Monday, Aug. 23, 1948

God Is a Proper Name

Theological writing is often ponderous, dull, fuzzy--or a mixture of all three. A different grade of theological writing distinguishes Donald M. Baillie's God Was in Christ (Scribner; $2.75), published this week.

Dr. Baillie, professor of systematic theology at the University of St. Andrews, Scotland, has written only two books in his 60 years. But when he has something to say, he knows how to say it. Swiss Professor Emil Brunner, one of Europe's leading theologians, paid it a rare tribute: "It is rather exceptional that a book of dogmatic theology makes fascinating reading . . ." Union Theological Seminary's President Emeritus Henry Sloane Coffin gave it an equally rare garland: "First-rate . . . We have little really tiptop theology today, and this is tiptop."

Theologian Baillie's lucidity does not come from dodging complications. "Most of the great heresies arose from an undue desire for simplification," he dryly observes.
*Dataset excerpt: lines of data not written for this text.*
(* Let $M$ be a $\pi$-projective right $R$-module. The following are equivalent: (a) $M$ is principally lifting; (b) $M$ is principally Goldie*-lifting; (c) $M$ is $\oplus$-principally supplemented.
   Context: $R$ is an associative ring with identity; modules are unital right $R$-modules. $M$ is $\pi$-projective if for all submodules $U,V$ with $U+V=M$ there exists $f\in\mathrm{End}(M)$ with $f(M)\subseteq U$ and $(1-f)(M)\subseteq V$. $K\ll N$ means $K$ is small in $N$. For submodules $X,Y$ of $M$, $X\,\beta^*\,Y$ means $(X+Y)/X\ll M/X$ and $(X+Y)/Y\ll M/Y$. $M$ is principally Goldie*-lifting if for every cyclic submodule $X$ there is a direct summand $D$ of $M$ with $X\,\beta^*\,D$. $M$ is principally lifting if for every cyclic submodule $X$ there is a decomposition $M=D\oplus D'$ with $D\subseteq X$ and $D'\cap X\ll M$. $M$ is $\oplus$-principally supplemented if for every cyclic submodule $X$ there is a direct summand $D$ of $M$ with $M=D+X$ and $D\cap X\ll D$. *)

theory Defs
  imports "HOL-Algebra.Module"
begin

text \<open>Right modules over a (not necessarily commutative) ring R with identity.
  We reuse the record type of HOL-Algebra modules; the scalar action
  smult M r x is read as the RIGHT action x r.\<close>

definition right_module :: "('r, 'm) ring_scheme \<Rightarrow> ('r, 'a) module \<Rightarrow> bool" where
  "right_module R M \<longleftrightarrow> ring R \<and> abelian_group M \<and>
     (\<forall>r\<in>carrier R. \<forall>x\<in>carrier M. smult M r x \<in> carrier M) \<and>
     (\<forall>r\<in>carrier R. \<forall>x\<in>carrier M. \<forall>y\<in>carrier M.
         smult M r (x \<oplus>\<^bsub>M\<^esub> y) = smult M r x \<oplus>\<^bsub>M\<^esub> smult M r y) \<and>
     (\<forall>r\<in>carrier R. \<forall>s\<in>carrier R. \<forall>x\<in>carrier M.
         smult M (r \<oplus>\<^bsub>R\<^esub> s) x = smult M r x \<oplus>\<^bsub>M\<^esub> smult M s x) \<and>
     (\<forall>r\<in>carrier R. \<forall>s\<in>carrier R. \<forall>x\<in>carrier M.
         smult M (r \<otimes>\<^bsub>R\<^esub> s) x = smult M s (smult M r x)) \<and>
     (\<forall>x\<in>carrier M. smult M \<one>\<^bsub>R\<^esub> x = x)"

definition submod :: "('r, 'm) ring_scheme \<Rightarrow> ('r, 'a) module \<Rightarrow> 'a set \<Rightarrow> bool" where
  "submod R M N \<longleftrightarrow> N \<subseteq> carrier M \<and> \<zero>\<^bsub>M\<^esub> \<in> N \<and>
     (\<forall>x\<in>N. \<forall>y\<in>N. x \<oplus>\<^bsub>M\<^esub> y \<in> N) \<and> (\<forall>x\<in>N. \<ominus>\<^bsub>M\<^esub> x \<in> N) \<and>
     (\<forall>x\<in>N. \<forall>r\<in>carrier R. smult M r x \<in> N)"

definition msum :: "('r, 'a) module \<Rightarrow> 'a set \<Rightarrow> 'a set \<Rightarrow> 'a set" where
  "msum M X Y = {x \<oplus>\<^bsub>M\<^esub> y | x y. x \<in> X \<and> y \<in> Y}"

definition small_in :: "('r, 'm) ring_scheme \<Rightarrow> ('r, 'a) module \<Rightarrow> 'a set \<Rightarrow> 'a set \<Rightarrow> bool" where
  "small_in R M N K \<longleftrightarrow> submod R M K \<and> K \<subseteq> N \<and>
     (\<forall>L. submod R M L \<and> L \<subseteq> N \<and> msum M K L = N \<longrightarrow> L = N)"

definition cyclic_sub :: "('r, 'm) ring_scheme \<Rightarrow> ('r, 'a) module \<Rightarrow> 'a set \<Rightarrow> bool" where
  "cyclic_sub R M X \<longleftrightarrow> (\<exists>m\<in>carrier M. X = {smult M r m | r. r \<in> carrier R})"

definition is_decomp :: "('r, 'm) ring_scheme \<Rightarrow> ('r, 'a) module \<Rightarrow> 'a set \<Rightarrow> 'a set \<Rightarrow> bool" where
  "is_decomp R M D D' \<longleftrightarrow> submod R M D \<and> submod R M D' \<and>
     msum M D D' = carrier M \<and> D \<inter> D' = {\<zero>\<^bsub>M\<^esub>}"

definition direct_summand :: "('r, 'm) ring_scheme \<Rightarrow> ('r, 'a) module \<Rightarrow> 'a set \<Rightarrow> bool" where
  "direct_summand R M D \<longleftrightarrow> (\<exists>D'. is_decomp R M D D')"

definition endo :: "('r, 'm) ring_scheme \<Rightarrow> ('r, 'a) module \<Rightarrow> ('a \<Rightarrow> 'a) \<Rightarrow> bool" where
  "endo R M f \<longleftrightarrow> f \<in> carrier M \<rightarrow> carrier M \<and>
     (\<forall>x\<in>carrier M. \<forall>y\<in>carrier M. f (x \<oplus>\<^bsub>M\<^esub> y) = f x \<oplus>\<^bsub>M\<^esub> f y) \<and>
     (\<forall>r\<in>carrier R. \<forall>x\<in>carrier M. f (smult M r x) = smult M r (f x))"

definition pi_projective :: "('r, 'm) ring_scheme \<Rightarrow> ('r, 'a) module \<Rightarrow> bool" where
  "pi_projective R M \<longleftrightarrow> (\<forall>U V. submod R M U \<and> submod R M V \<and> msum M U V = carrier M \<longrightarrow>
     (\<exists>f. endo R M f \<and> f ` carrier M \<subseteq> U \<and> (\<forall>x\<in>carrier M. x \<ominus>\<^bsub>M\<^esub> f x \<in> V)))"

definition mcoset :: "('r, 'a) module \<Rightarrow> 'a set \<Rightarrow> 'a \<Rightarrow> 'a set" where
  "mcoset M X x = {y \<oplus>\<^bsub>M\<^esub> x | y. y \<in> X}"

definition quot_mod :: "('r, 'a) module \<Rightarrow> 'a set \<Rightarrow> ('r, 'a set) module" where
  "quot_mod M X =
     \<lparr>carrier = mcoset M X ` carrier M,
      monoid.mult = (\<lambda>A B. undefined), one = undefined,
      zero = X,
      add = (\<lambda>A B. msum M A B),
      smult = (\<lambda>r A. msum M X ((\<lambda>a. smult M r a) ` A))\<rparr>"

definition quot_sub :: "('r, 'a) module \<Rightarrow> 'a set \<Rightarrow> 'a set \<Rightarrow> 'a set set" where
  "quot_sub M X K = mcoset M X ` K"

definition beta_star :: "('r, 'm) ring_scheme \<Rightarrow> ('r, 'a) module \<Rightarrow> 'a set \<Rightarrow> 'a set \<Rightarrow> bool" where
  "beta_star R M X Y \<longleftrightarrow>
     small_in R (quot_mod M X) (carrier (quot_mod M X)) (quot_sub M X (msum M X Y)) \<and>
     small_in R (quot_mod M Y) (carrier (quot_mod M Y)) (quot_sub M Y (msum M X Y))"

definition principally_goldie_star_lifting :: "('r, 'm) ring_scheme \<Rightarrow> ('r, 'a) module \<Rightarrow> bool" where
  "principally_goldie_star_lifting R M \<longleftrightarrow>
     (\<forall>X. cyclic_sub R M X \<longrightarrow> (\<exists>D. direct_summand R M D \<and> beta_star R M X D))"

definition principally_lifting :: "('r, 'm) ring_scheme \<Rightarrow> ('r, 'a) module \<Rightarrow> bool" where
  "principally_lifting R M \<longleftrightarrow>
     (\<forall>X. cyclic_sub R M X \<longrightarrow>
        (\<exists>D D'. is_decomp R M D D' \<and> D \<subseteq> X \<and> small_in R M (carrier M) (D' \<inter> X)))"

definition oplus_principally_supplemented :: "('r, 'm) ring_scheme \<Rightarrow> ('r, 'a) module \<Rightarrow> bool" where
  "oplus_principally_supplemented R M \<longleftrightarrow>
     (\<forall>X. cyclic_sub R M X \<longrightarrow>
        (\<exists>D. direct_summand R M D \<and> msum M D X = carrier M \<and> small_in R M D (D \<inter> X)))"

end

theory Submission
  imports Defs
begin

(* With them, the three implications of the theorem become statements about a
   single decomposition M = D (+) D' and an arbitrary submodule X:
     (a => b) if D <= X and D' n X << M, then X beta* D;
     (b => c) if X beta* D, then M = D' + X and D' n X << D';
     (c => a) in a pi-projective module, a summand D with M = D + X has a
              complement E contained in X, and smallness in D lifts to M. *)

locale rmod =
  fixes R :: "('r, 'm) ring_scheme" and M :: "('r, 'a) module" (structure)
  assumes right_module: "right_module R M"
begin

sublocale abelian_group M
  using right_module unfolding right_module_def by blast

lemma ring_R: "ring R"
  using right_module unfolding right_module_def by blast

lemma smult_closed: "r \<in> carrier R \<Longrightarrow> x \<in> carrier M \<Longrightarrow> smult M r x \<in> carrier M"
  using right_module unfolding right_module_def by blast

lemma smult_add: "r \<in> carrier R \<Longrightarrow> x \<in> carrier M \<Longrightarrow> y \<in> carrier M \<Longrightarrow>
    smult M r (x \<oplus> y) = smult M r x \<oplus> smult M r y"
  using right_module unfolding right_module_def by blast

lemma smult_add_scalar: "r \<in> carrier R \<Longrightarrow> s \<in> carrier R \<Longrightarrow> x \<in> carrier M \<Longrightarrow>
    smult M (r \<oplus>\<^bsub>R\<^esub> s) x = smult M r x \<oplus> smult M s x"
  using right_module unfolding right_module_def by blast

lemma smult_mult_scalar: "r \<in> carrier R \<Longrightarrow> s \<in> carrier R \<Longrightarrow> x \<in> carrier M \<Longrightarrow>
    smult M (r \<otimes>\<^bsub>R\<^esub> s) x = smult M s (smult M r x)"
  using right_module unfolding right_module_def by blast

lemma smult_zero_scalar: "x \<in> carrier M \<Longrightarrow> smult M \<zero>\<^bsub>R\<^esub> x = \<zero>"
proof -
  assume x: "x \<in> carrier M"
  interpret R: ring R by (rule ring_R)
  have "smult M \<zero>\<^bsub>R\<^esub> x = smult M \<zero>\<^bsub>R\<^esub> x \<oplus> smult M \<zero>\<^bsub>R\<^esub> x"
    using smult_add_scalar[of "\<zero>\<^bsub>R\<^esub>" "\<zero>\<^bsub>R\<^esub>" x] x by simp
  thus ?thesis using x smult_closed[of "\<zero>\<^bsub>R\<^esub>" x]
    by (metis R.zero_closed add.l_cancel_one' zero_closed)
qed

lemma neg_zero [simp]: "\<ominus> \<zero> = \<zero>"
  using r_neg[of \<zero>] by simp

lemma minus_telescope:
  "x \<in> carrier M \<Longrightarrow> y \<in> carrier M \<Longrightarrow> z \<in> carrier M \<Longrightarrow> (z \<ominus> x) \<oplus> (x \<ominus> y) = z \<ominus> y"
  by (simp add: minus_eq a_assoc r_neg1)

lemma minus_swap: "x \<in> carrier M \<Longrightarrow> y \<in> carrier M \<Longrightarrow> \<ominus> (x \<ominus> y) = y \<ominus> x"
  by (simp add: minus_eq minus_add minus_minus a_comm)

lemma add_minus_cancel: "x \<in> carrier M \<Longrightarrow> y \<in> carrier M \<Longrightarrow> (x \<oplus> y) \<ominus> y = x"
  by (simp add: minus_eq a_assoc r_neg)

lemma minus_add_cancel: "x \<in> carrier M \<Longrightarrow> y \<in> carrier M \<Longrightarrow> (x \<ominus> y) \<oplus> y = x"
  by (simp add: minus_eq a_assoc l_neg)


lemma submodD:
  assumes "submod R M N"
  shows "N \<subseteq> carrier M" "\<zero> \<in> N" "x \<in> N \<Longrightarrow> y \<in> N \<Longrightarrow> x \<oplus> y \<in> N"
    "x \<in> N \<Longrightarrow> \<ominus> x \<in> N" "x \<in> N \<Longrightarrow> r \<in> carrier R \<Longrightarrow> smult M r x \<in> N"
  using assms unfolding submod_def by blast+

lemma submod_minus: "submod R M N \<Longrightarrow> x \<in> N \<Longrightarrow> y \<in> N \<Longrightarrow> x \<ominus> y \<in> N"
  by (simp add: minus_eq submodD)

lemma submod_Int: "submod R M A \<Longrightarrow> submod R M B \<Longrightarrow> submod R M (A \<inter> B)"
  unfolding submod_def by blast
He even tackles the place of paradox in theology:

"The attempt to put our experience of God into theological statements is something like the attempt to draw a map of the world on a flat surface . . . It is impossible to do this without a certain degree of falsification, because the surface of the earth is a spherical surface whose pattern cannot be reproduced accurately upon a plane . . . An atlas meets the problem by giving us two different maps of the world which can be compared . . . They contradict each other to some extent at every point. . . So it is with the paradoxes of faith . . . not because the divine reality is self-contradictory, but because when we 'objectify' it all our judgments are in some measure falsified . . . The higher truth which reconciles them cannot be fully expressed in words, though it is experienced and lived . . ."

First Grammarian. One central paradox of Christianity has always been the nature of Christ. Was He God or man or somewhere in a nebulous in-between? Theologian Baillie's orthodox answer includes both the "historial Jesus" and the "Christ of faith."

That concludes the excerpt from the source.